Task statement.
Write down, unchanged, the entries from the first line through the line holding "by (simp add: g_def scale_def)". Include no other line.

***** Data under study

lemma transient_if_summable:
  assumes "summable (\<lambda>k. 1 / a k)"
  shows "bd_transient lam mu"
proof -
  define S where "S = (\<Sum>k. 1 / a k)"
  have scale_le: "scale N \<le> S" for N
    unfolding S_def using assms by (rule scale_le_suminf)
  have scale_1: "scale 1 = 1 / a 0"
    by (simp add: scale_def)
  moreover have "0 < 1 / a 0"
    using a_pos[of 0] by simp
  ultimately have S_pos: "0 < S"
    using scale_le[of 1] by linarith
  define g where "g i = 1 - scale i / S" for i
  have "hit_prob 1 \<le> g 1"
  proof (rule hit_prob_le_superharmonic)
    show "0 \<le> g i" for i
      using scale_le[of i] S_pos by (simp add: g_def)
    show "1 \<le> g 0"
      by (simp add: g_def scale_def)
    show "up_prob lam mu i * g (Suc i) + (1 - up_prob lam mu i) * g (i - 1) \<le> g i" if "0 < i" for i
      using scale_harmonic[OF that] by (simp add: g_def algebra_simps add_divide_distrib[symmetric])
  qed
  also have "g 1 < 1"
    using scale_1 a_pos[of 0] S_pos by (simp add: g_def)
  finally show ?thesis
    by (simp add: bd_transient_def return_prob_eq_hit_prob)
qed

lemma bdd_above_time_within:
  assumes "bdd_above (range (\<lambda>n. time_within lam mu n 1))"
  shows "bdd_above (range (\<lambda>n. time_within lam mu n i))"
proof (induction i)
  case 0
  then show ?case
    by (simp add: time_within_at_zero)
next
  case (Suc i)
  show ?case
  proof (cases "i = 0")
    case False
    from Suc.IH obtain C where C: "\<And>n. time_within lam mu n i \<le> C"
      by (auto simp: bdd_above_def)
    define q where "q = up_prob lam mu i"
    have q: "0 < q" "q \<le> 1"
      using up_prob_pos[of i] up_prob_le_one[of i] False by (simp_all add: q_def)
    have "q * time_within lam mu n (Suc i) \<le> C" for n
    proof -
      have "q * time_within lam mu n (Suc i) \<le> time_within lam mu (Suc n) i"
        using time_within_rec[of i n] False q time_within_nonneg[of n "i - 1"]
          lam_nonneg[of i] mu_nonneg[of i]
        by (simp add: q_def)
      also have "\<dots> \<le> C"
        by (rule C)
      finally show ?thesis .
    qed
    then have "time_within lam mu n (Suc i) \<le> C / q" for n
      using q by (simp add: le_divide_eq mult.commute)
    then show ?thesis
      by (intro bdd_aboveI2[where M = "C / q"]) simp
  qed (use assms in simp)
qed

lemma mean_time_increment:
  assumes "bdd_above (range (\<lambda>n. time_within lam mu n 1))"
  shows "a k * (mean_time (Suc k) - mean_time k) = a 0 * mean_time 1 - real k / c"
proof -
  have lim: "(\<lambda>n. time_within lam mu n i) \<longlonglongrightarrow> mean_time i" for i
    by (rule time_within_tendsto[OF bdd_above_time_within[OF assms]])
  have zero: "mean_time 0 = 0"
    using LIMSEQ_unique[OF lim[of 0]] by (simp add: time_within_at_zero)
  have harmonic: "mean_time i = (1 / c) / (a i + a (i - 1))
      + up_prob lam mu i * mean_time (Suc i) + (1 - up_prob lam mu i) * mean_time (i - 1)" if "0 < i" for i
    using limit_of_recursion[where f="time_within lam mu" and e="1 / (lam i + mu i)",
        OF lim time_within_rec[OF that]] that
    by (simp add: rate_sum_eq)
  from increment_identity[OF harmonic, of k] zero show ?thesis
    by simp
qed

lemma mean_time_nonneg:
  assumes "bdd_above (range (\<lambda>n. time_within lam mu n 1))"
  shows "0 \<le> mean_time i"
  by (rule LIMSEQ_le_const[OF time_within_tendsto[OF bdd_above_time_within[OF assms]]])
    (simp add: time_within_nonneg)

lemma time_unbounded_if_not_summable:
  assumes "\<not> summable (\<lambda>k. 1 / a k)"
  shows "\<not> bdd_above (range (\<lambda>n. time_within lam mu n 1))"
proof
  assume bdd: "bdd_above (range (\<lambda>n. time_within lam mu n 1))"
  obtain K :: nat where K: "c * a 0 * mean_time 1 + 1 \<le> real K"
    using real_arch_simple by blast
  define V where "V k = mean_time k + scale k / c" for k
  have V_step: "V (Suc k) \<le> V k" if "K \<le> k" for k
  proof -
    have "(a 0 * mean_time 1 + 1 / c) * c \<le> real k"
      using K that c_pos by (simp add: algebra_simps)
    then have "a 0 * mean_time 1 + 1 / c \<le> real k / c"
      using c_pos by (simp add: le_divide_eq)
    then have "a k * (mean_time (Suc k) - mean_time k) \<le> - (1 / c)"
      using mean_time_increment[OF bdd, of k] by simp
    then have "mean_time (Suc k) - mean_time k \<le> - (1 / c) / a k"
      using a_pos[of k] by (metis pos_le_divide_eq mult.commute)
    then show ?thesis
      by (simp add: V_def scale_Suc add_divide_distrib mult.commute)
  qed
  have V_le: "V N \<le> V K" if "K \<le> N" for N
    using that by (induction rule: dec_induct) (use V_step order_trans in blast)+
  have "scale N \<le> c * V K" for N
  proof -
    have "scale N \<le> scale (max N K)"
      by (rule scale_mono) simp
    also have "\<dots> \<le> c * V (max N K)"
      using mean_time_nonneg[OF bdd, of "max N K"] c_pos by (simp add: V_def algebra_simps)
    also have "\<dots> \<le> c * V K"
      using V_le[of "max N K"] c_pos by simp
    finally show ?thesis .
  qed
  with assms show False
    by (auto simp: summable_iff_scale_bounded)
qed

lemma null_recurrent_if_not_summable:
  assumes "\<not> summable (\<lambda>k. 1 / a k)"
  shows "bd_null_recurrent lam mu"
  unfolding bd_null_recurrent_def
  using recurrent_if_not_summable[OF assms] time_unbounded_if_not_summable[OF assms] by blast

end

text \<open>With \<open>w\<close> below, \<open>\<mu>\<^sub>n = d\<gamma> w(n-1)\<close> and \<open>\<lambda>\<^sub>n = d\<gamma> w(n)\<close> for \<open>n \<ge> 1\<close>, by
  \<open>i C(d,i) = d C(d-1,i-1)\<close>, \<open>(d-i) C(d,i) = d C(d-1,i)\<close> and Pascal's rule.\<close>

definition bd_weight :: "real \<Rightarrow> nat \<Rightarrow> nat \<Rightarrow> real" where
  "bd_weight \<gamma> d m = (\<Sum>j<d. \<gamma> ^ j * real ((d - 1) choose j) * real (m choose j))"

lemma bd_weight_Suc:
  "bd_weight \<gamma> (Suc e) (Suc m) =
     bd_weight \<gamma> (Suc e) m + (\<Sum>j<e. \<gamma> ^ Suc j * real (e choose Suc j) * real (m choose j))"
proof -
  have "bd_weight \<gamma> (Suc e) (Suc m)
      = 1 + (\<Sum>j<e. \<gamma> ^ Suc j * real (e choose Suc j) * real (Suc m choose Suc j))"
    unfolding bd_weight_def by (subst sum.lessThan_Suc_shift) simp
  also have "\<dots> = 1 + (\<Sum>j<e. \<gamma> ^ Suc j * real (e choose Suc j) * real (m choose Suc j))
      + (\<Sum>j<e. \<gamma> ^ Suc j * real (e choose Suc j) * real (m choose j))"
    by (simp add: sum.distrib algebra_simps)
  also have "1 + (\<Sum>j<e. \<gamma> ^ Suc j * real (e choose Suc j) * real (m choose Suc j)) = bd_weight \<gamma> (Suc e) m"
    unfolding bd_weight_def by (subst sum.lessThan_Suc_shift) simp
  finally show ?thesis .
qed

lemma bd_mu_Suc: "bd_mu \<gamma> (Suc e) (Suc m) = real (Suc e) * \<gamma> * bd_weight \<gamma> (Suc e) m"
proof -
  have absorb: "real (Suc j) * real (Suc e choose Suc j) = real (Suc e) * real (e choose j)" for j
    by (metis Suc_times_binomial_eq mult.commute of_nat_mult)
  have "bd_mu \<gamma> (Suc e) (Suc m)
      = (\<Sum>j<Suc e. real (Suc j) * real (Suc e choose Suc j) * (\<gamma> * (\<gamma> ^ j * real (m choose j))))"
    unfolding bd_mu_def by (simp add: sum.atLeast1_atMost_eq mult_ac)
  also have "\<dots> = (\<Sum>j<Suc e. real (Suc e) * \<gamma> * (\<gamma> ^ j * real (e choose j) * real (m choose j)))"
    unfolding absorb by (simp add: mult_ac)
  finally show ?thesis
    by (simp add: bd_weight_def sum_distrib_left del: sum.lessThan_Suc)
qed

**********

Response to this exercise.
lemma transient_if_summable:
  assumes "summable (\<lambda>k. 1 / a k)"
  shows "bd_transient lam mu"
proof -
  define S where "S = (\<Sum>k. 1 / a k)"
  have scale_le: "scale N \<le> S" for N
    unfolding S_def using assms by (rule scale_le_suminf)
  have scale_1: "scale 1 = 1 / a 0"
    by (simp add: scale_def)
  moreover have "0 < 1 / a 0"
    using a_pos[of 0] by simp
  ultimately have S_pos: "0 < S"
    using scale_le[of 1] by linarith
  define g where "g i = 1 - scale i / S" for i
  have "hit_prob 1 \<le> g 1"
  proof (rule hit_prob_le_superharmonic)
    show "0 \<le> g i" for i
      using scale_le[of i] S_pos by (simp add: g_def)
    show "1 \<le> g 0"
      by (simp add: g_def scale_def)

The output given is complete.